Impact of Plasma-Lyte pH 7.4 on acid-base status and hemodynamics in a model of controlled hemorrhagic shock

Danilo Teixeira Noritomi, Adriano José Pereira, Diogo Diniz Gomes Bugano, Paulo Sergio Rehder, Eliézer Silva, Danilo Teixeira Noritomi, Adriano José Pereira, Diogo Diniz Gomes Bugano, Paulo Sergio Rehder, Eliézer Silva

Abstract

Objective: Intravenous infusion of crystalloid solutions is a cornerstone of the treatment of hemorrhagic shock.

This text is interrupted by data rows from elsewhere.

(* Let $n\ge2$, $\preceq$ an admissible order on $L([0,1])$, $G\colon L([0,1])^n\to L([0,1])$ non-decreasing with $G(\mathbf0,\dots,\mathbf0)=\mathbf0$ and $G(\mathbf1,\dots,\mathbf1)=\mathbf1$, and $F\colon L([0,1])^2\to L([0,1])$ non-decreasing in the first variable with $F(\mathbf0,Y)=\mathbf0$ and $F(\mathbf1,Y)=\mathbf1$ for all $Y\in L([0,1])$. Then the IV Sugeno-like $FG$-functional $\mathbf S_m^{F,G}$ is an $n$-dimensional IV aggregation function w.r.t. $\preceq$ for every symmetric IV fuzzy measure $m$.
   Context: $N=\{1,\dots,n\}$. $L([0,1])=\{[a,b]:0\le a\le b\le1\}$, $\mathbf0=[0,0]$, $\mathbf1=[1,1]$. An admissible order $\preceq$ is a total order on $L([0,1])$ with $[a,b]\preceq[c,d]$ whenever $a\le c$, $b\le d$. Monotonicity is w.r.t. $\preceq$. An $n$-dimensional IV aggregation function w.r.t. $\preceq$ is $M\colon L([0,1])^n\to L([0,1])$ with $M(\mathbf0,\dots,\mathbf0)=\mathbf0$, $M(\mathbf1,\dots,\mathbf1)=\mathbf1$, non-decreasing in each component w.r.t. $\preceq$. An IV fuzzy measure w.r.t. $\preceq$ is $m\colon2^N\to L([0,1])$, $m(\emptyset)=\mathbf0$, $m(N)=\mathbf1$, $m(A)\preceq m(B)$ for $A\subseteq B$; symmetric if $m(A)=m(B)$ whenever $|A|=|B|$. For a permutation $\sigma$, $E_{\sigma(i)}=\{\sigma(i),\dots,\sigma(n)\}$. $\mathbf S_m^{F,G}(X_1,\dots,X_n)=G\big(F(X_{\sigma(1)},m(E_{\sigma(1)})),\dots,F(X_{\sigma(n)},m(E_{\sigma(n)}))\big)$ with $\sigma$ any permutation such that $X_{\sigma(1)}\preceq\dots\preceq X_{\sigma(n)}$ (independent of the choice of $\sigma$ for symmetric $m$). *)

theory Defs
  imports Complex_Main "HOL-Library.FuncSet"
begin

text \<open>Closed subintervals [a,b] of [0,1] are represented as pairs (a,b).\<close>
type_synonym ival = "real \<times> real"

definition LI :: "ival set" where
  "LI = {(a, b). 0 \<le> a \<and> a \<le> b \<and> b \<le> 1}"

definition ival0 :: ival where "ival0 = (0, 0)"
definition ival1 :: ival where "ival1 = (1, 1)"

definition admissible_order :: "(ival \<Rightarrow> ival \<Rightarrow> bool) \<Rightarrow> bool" where
  "admissible_order le \<longleftrightarrow>
     (\<forall>x\<in>LI. le x x) \<and>
     (\<forall>x\<in>LI. \<forall>y\<in>LI. le x y \<and> le y x \<longrightarrow> x = y) \<and>
     (\<forall>x\<in>LI. \<forall>y\<in>LI. \<forall>z\<in>LI. le x y \<and> le y z \<longrightarrow> le x z) \<and>
     (\<forall>x\<in>LI. \<forall>y\<in>LI. le x y \<or> le y x) \<and>
     (\<forall>a b c d. (a, b) \<in> LI \<and> (c, d) \<in> LI \<and> a \<le> c \<and> b \<le> d \<longrightarrow> le (a, b) (c, d))"

text \<open>Elements of L([0,1])^n are extensional functions on {1..n}.\<close>
definition ivecs :: "nat \<Rightarrow> (nat \<Rightarrow> ival) set" where
  "ivecs n = {1..n} \<rightarrow>\<^sub>E LI"

definition const_ivec :: "nat \<Rightarrow> ival \<Rightarrow> (nat \<Rightarrow> ival)" where
  "const_ivec n c = (\<lambda>i\<in>{1..n}. c)"

definition iv_aggregation :: "(ival \<Rightarrow> ival \<Rightarrow> bool) \<Rightarrow> nat \<Rightarrow> ((nat \<Rightarrow> ival) \<Rightarrow> ival) \<Rightarrow> bool" where
  "iv_aggregation le n M \<longleftrightarrow>
     (\<forall>X\<in>ivecs n. M X \<in> LI) \<and>
     M (const_ivec n ival0) = ival0 \<and>
     M (const_ivec n ival1) = ival1 \<and>
     (\<forall>X\<in>ivecs n. \<forall>Y\<in>ivecs n. (\<forall>i\<in>{1..n}. le (X i) (Y i)) \<longrightarrow> le (M X) (M Y))"

definition iv_fuzzy_measure :: "(ival \<Rightarrow> ival \<Rightarrow> bool) \<Rightarrow> nat \<Rightarrow> (nat set \<Rightarrow> ival) \<Rightarrow> bool" where
  "iv_fuzzy_measure le n m \<longleftrightarrow>
     (\<forall>A. A \<subseteq> {1..n} \<longrightarrow> m A \<in> LI) \<and>
     m {} = ival0 \<and> m {1..n} = ival1 \<and>
     (\<forall>A B. A \<subseteq> B \<and> B \<subseteq> {1..n} \<longrightarrow> le (m A) (m B))"

definition symmetric_measure :: "nat \<Rightarrow> (nat set \<Rightarrow> ival) \<Rightarrow> bool" where
  "symmetric_measure n m \<longleftrightarrow>
     (\<forall>A B. A \<subseteq> {1..n} \<and> B \<subseteq> {1..n} \<and> card A = card B \<longrightarrow> m A = m B)"

definition sorting_perm :: "(ival \<Rightarrow> ival \<Rightarrow> bool) \<Rightarrow> nat \<Rightarrow> (nat \<Rightarrow> ival) \<Rightarrow> (nat \<Rightarrow> nat) \<Rightarrow> bool" where
  "sorting_perm le n X \<sigma> \<longleftrightarrow>
     bij_betw \<sigma> {1..n} {1..n} \<and>
     (\<forall>i j. 1 \<le> i \<and> i \<le> j \<and> j \<le> n \<longrightarrow> le (X (\<sigma> i)) (X (\<sigma> j)))"

definition sugeno_FG ::
  "(ival \<Rightarrow> ival \<Rightarrow> bool) \<Rightarrow> nat \<Rightarrow> (nat set \<Rightarrow> ival) \<Rightarrow> (ival \<Rightarrow> ival \<Rightarrow> ival)
     \<Rightarrow> ((nat \<Rightarrow> ival) \<Rightarrow> ival) \<Rightarrow> (nat \<Rightarrow> ival) \<Rightarrow> ival" where
  "sugeno_FG le n m F G X =
     (let \<sigma> = (SOME \<sigma>. sorting_perm le n X \<sigma>)
      in G (\<lambda>i\<in>{1..n}. F (X (\<sigma> i)) (m (\<sigma> ` {i..n}))))"

end

theory Submission
  imports Defs
begin

text \<open>If \<open>X \<preceq> Y\<close> componentwise and \<open>\<sigma>\<close>, \<open>\<tau>\<close> sort \<open>X\<close> and \<open>Y\<close>, then
  \<open>X (\<sigma> i) \<preceq> Y (\<tau> i)\<close> for every \<open>i\<close>: the sets \<open>\<tau> ` {1..i}\<close> and \<open>\<sigma> ` {i..n}\<close> have
  \<open>i\<close> and \<open>n + 1 - i\<close> elements, so they share some \<open>k\<close>, and
  \<open>X (\<sigma> i) \<preceq> X k \<preceq> Y k \<preceq> Y (\<tau> i)\<close>. By symmetry of \<open>m\<close> the weight \<open>m (\<sigma> ` {i..n})\<close>
  depends only on \<open>i\<close>, so monotonicity of \<open>F\<close> in its first argument and of \<open>G\<close> gives
  monotonicity of the functional. The boundary conditions hold because \<open>F(0,\<cdot>) = 0\<close> and
  \<open>F(1,\<cdot>) = 1\<close> send a constant input vector to itself.\<close>

lemma finite_has_greatest_wrt:
  assumes "finite A" "A \<noteq> {}"
    and total: "\<forall>x\<in>A. \<forall>y\<in>A. R x y \<or> R y x" and trans: "transp_on A R"
  shows "\<exists>g\<in>A. \<forall>x\<in>A. R x g"
proof -
  let ?less = "\<lambda>x y. R x y \<and> \<not> R y x"
  have "asymp_on A ?less"
    by (auto intro: asymp_onI)
  moreover have "transp_on A ?less"
    using trans by (auto intro!: transp_onI dest: transp_onD)
  ultimately obtain g where "g \<in> A" "\<forall>x\<in>A. x \<noteq> g \<longrightarrow> \<not> ?less g x"
    using Finite_Set.bex_max_element[OF assms(1) _ _ assms(2)] by blast
  then show ?thesis
    using total by metis
qed
text \<open>Second reduction: the exponential representation and Tonelli turn \<open>I_{-1}\<close> into the
  integral of \<open>binom_integrand\<close>.\<close>

lemma nn_integral_Im1_eq_binom:
  "(\<integral>\<^sup>+p. ennreal (Im1_integrand p) * indicator regionT p \<partial>lborel)
 = (\<integral>\<^sup>+s. ennreal (binom_integrand s) * indicator {0<..} s \<partial>lborel)"
proof -
  define f where "f p s = ennreal ((fst p * snd p) powr (s - 1)) * indicator regionT p * indicator {0<..} s"
    for p :: "real \<times> real" and s :: real
  have f_meas: "case_prod f \<in> borel_measurable ((lborel :: (real \<times> real) measure) \<Otimes>\<^sub>M lborel)"
  proof -
    have "case_prod f \<in> borel_measurable ((lborel \<Otimes>\<^sub>M lborel) \<Otimes>\<^sub>M lborel)"
      unfolding f_def by measurable
    then show ?thesis
      by (simp add: lborel_prod)
  qed
  have "(\<integral>\<^sup>+p. ennreal (Im1_integrand p) * indicator regionT p \<partial>lborel) = (\<integral>\<^sup>+p. \<integral>\<^sup>+s. f p s \<partial>lborel \<partial>lborel)"
    by (intro nn_integral_cong_AE eventually_mono[OF AE_lborel_singleton[of "(1, 1)"]])
       (auto simp: f_def indicator_def Im1_integrand_as_integral)
  also have "\<dots> = (\<integral>\<^sup>+s. \<integral>\<^sup>+p. f p s \<partial>lborel \<partial>lborel)"
    using lborel_pair.Fubini'[OF f_meas] by simp
  also have "\<dots> = (\<integral>\<^sup>+s. ennreal (binom_integrand s) * indicator {0<..} s \<partial>lborel)"
  proof (rule nn_integral_cong)
    fix s :: real
    have meas: "(\<lambda>p. ennreal ((fst p * snd p) powr (s - 1))) \<in> borel_measurable (lborel \<Otimes>\<^sub>M lborel)"
      by measurable
    have "(\<integral>\<^sup>+p. f p s \<partial>lborel)
        = (\<integral>\<^sup>+p. ennreal ((fst p * snd p) powr (s - 1)) * indicator regionT p \<partial>lborel) * indicator {0<..} s"
      unfolding f_def by (rule nn_integral_multc) (simp only: lborel_prod[symmetric], measurable)
    also have "\<dots> = ennreal (binom_integrand s) * indicator {0<..} s"
    proof (cases "0 < s")
      case s: True
      have "(\<integral>\<^sup>+p. ennreal ((fst p * snd p) powr (s - 1)) * indicator regionT p \<partial>lborel)
          = (\<integral>\<^sup>+x. ennreal (x powr (s - 1) * (1 - (1 - x) powr s) / s) * indicator {0<..<1} x \<partial>lborel)"
        unfolding nn_integral_regionT[OF meas] prod.sel
      proof (rule nn_integral_cong)
        fix x :: real
        show "(\<integral>\<^sup>+y. ennreal ((x * y) powr (s - 1)) * indicator {1 - x..1} y \<partial>lborel) * indicator {0<..<1} x
            = ennreal (x powr (s - 1) * (1 - (1 - x) powr s) / s) * indicator {0<..<1} x"
          by (cases "x \<in> {0<..<1}") (simp_all add: slice_integral_powr s)
      qed
      then show ?thesis
        using nn_integral_binom_integrand[OF s] by simp
    qed simp
    finally show "(\<integral>\<^sup>+p. f p s \<partial>lborel) = ennreal (binom_integrand s) * indicator {0<..} s" .
  qed
  finally show ?thesis .
qed

lemma set_integrable_iff_nn_integral:
  fixes f :: "'a \<Rightarrow> real"
  assumes "(\<lambda>x. indicator A x * f x) \<in> borel_measurable M" "\<And>x. x \<in> A \<Longrightarrow> 0 \<le> f x" "0 \<le> r"
  shows "(set_integrable M A f \<and> (LINT x:A|M. f x) = r)
     \<longleftrightarrow> (\<integral>\<^sup>+x. ennreal (f x) * indicator A x \<partial>M) = ennreal r"
proof -
  have "(\<integral>\<^sup>+x. ennreal (f x) * indicator A x \<partial>M) = (\<integral>\<^sup>+x. ennreal (indicator A x * f x) \<partial>M)"
    by (intro nn_integral_cong) (simp add: indicator_def)
  moreover have "AE x in M. 0 \<le> indicator A x * f x"
    using assms(2) by (intro AE_I2) (simp add: indicator_def)
  ultimately show ?thesis
    using nn_integral_eq_integrable[OF assms(1) _ assms(3)]
    by (simp add: set_integrable_def set_lebesgue_integral_def)
qed

theorem proposition1:
  shows "set_integrable lborel regionT Im1_integrand
    \<and> set_integrable lborel {0<..} (\<lambda>t::real. (1 - 1 / gen_binom (2 * t) t) / t\<^sup>2)
    \<and> set_integrable lborel {0<..<1} (\<lambda>x::real. ln (1 + ln (1 - x) / ln x) / x)
    \<and> (LINT p:regionT|lborel. Im1_integrand p)
           = (LINT t:{0<..}|lborel. (1 - 1 / gen_binom (2 * t) t) / t\<^sup>2)
    \<and> (LINT t:{0<..}|lborel. (1 - 1 / gen_binom (2 * t) t) / t\<^sup>2)
           = (LINT x:{0<..<1}|lborel. ln (1 + ln (1 - x) / ln x) / x)"
proof -
  define r where "r = (LINT x:{0<..<1}|lborel. log_integrand x)"
  have log_nonneg: "\<And>x. x \<in> {0<..<1} \<Longrightarrow> 0 \<le> log_integrand x"
    using log_integrand_bound by auto
  have "r \<ge> 0"
    unfolding r_def set_lebesgue_integral_def
    by (intro integral_nonneg_AE AE_I2) (simp add: indicator_def log_nonneg)
  have "(\<lambda>p. indicator regionT p * Im1_integrand p) \<in> borel_measurable (lborel \<Otimes>\<^sub>M lborel)"
    by measurable
  then have Im1_meas: "(\<lambda>p. indicator regionT p * Im1_integrand p) \<in> borel_measurable lborel"
    by (simp add: lborel_prod)
  have log_meas: "(\<lambda>x. indicator {0<..<1} x * log_integrand x) \<in> borel_measurable lborel"
    unfolding log_integrand_def by measurable
  note iff = set_integrable_iff_nn_integral[OF _ _ \<open>r \<ge> 0\<close>]
  have "(\<integral>\<^sup>+x. ennreal (log_integrand x) * indicator {0<..<1} x \<partial>lborel) = ennreal r"
    using iff[OF log_meas log_nonneg] log_integrand_integrable r_def by simp
  then have Im1: "set_integrable lborel regionT Im1_integrand \<and> (LINT p:regionT|lborel. Im1_integrand p) = r"
    and binom: "set_integrable lborel {0<..} binom_integrand \<and> (LINT t:{0<..}|lborel. binom_integrand t) = r"
    using iff[of regionT Im1_integrand] iff[of "{0<..}" binom_integrand]
      Im1_meas Im1_integrand_nonneg binom_integrand_nonneg binom_integrand_borel
      nn_integral_Im1_eq_log nn_integral_Im1_eq_binom
    by (auto simp: indicator_def)
  show ?thesis
    using Im1 binom log_integrand_integrable r_def
    unfolding binom_integrand_def[abs_def] log_integrand_def[abs_def] by simp
qed

end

However, crystalloid solutions can have variable metabolic acid-base effects, perpetuating or even aggravating shock-induced metabolic acidosis. The aim of this study was to compare, in a controlled volume-driven porcine model of hemorrhagic shock, the effects of three different crystalloid solutions on the hemodynamics and acid-base balance.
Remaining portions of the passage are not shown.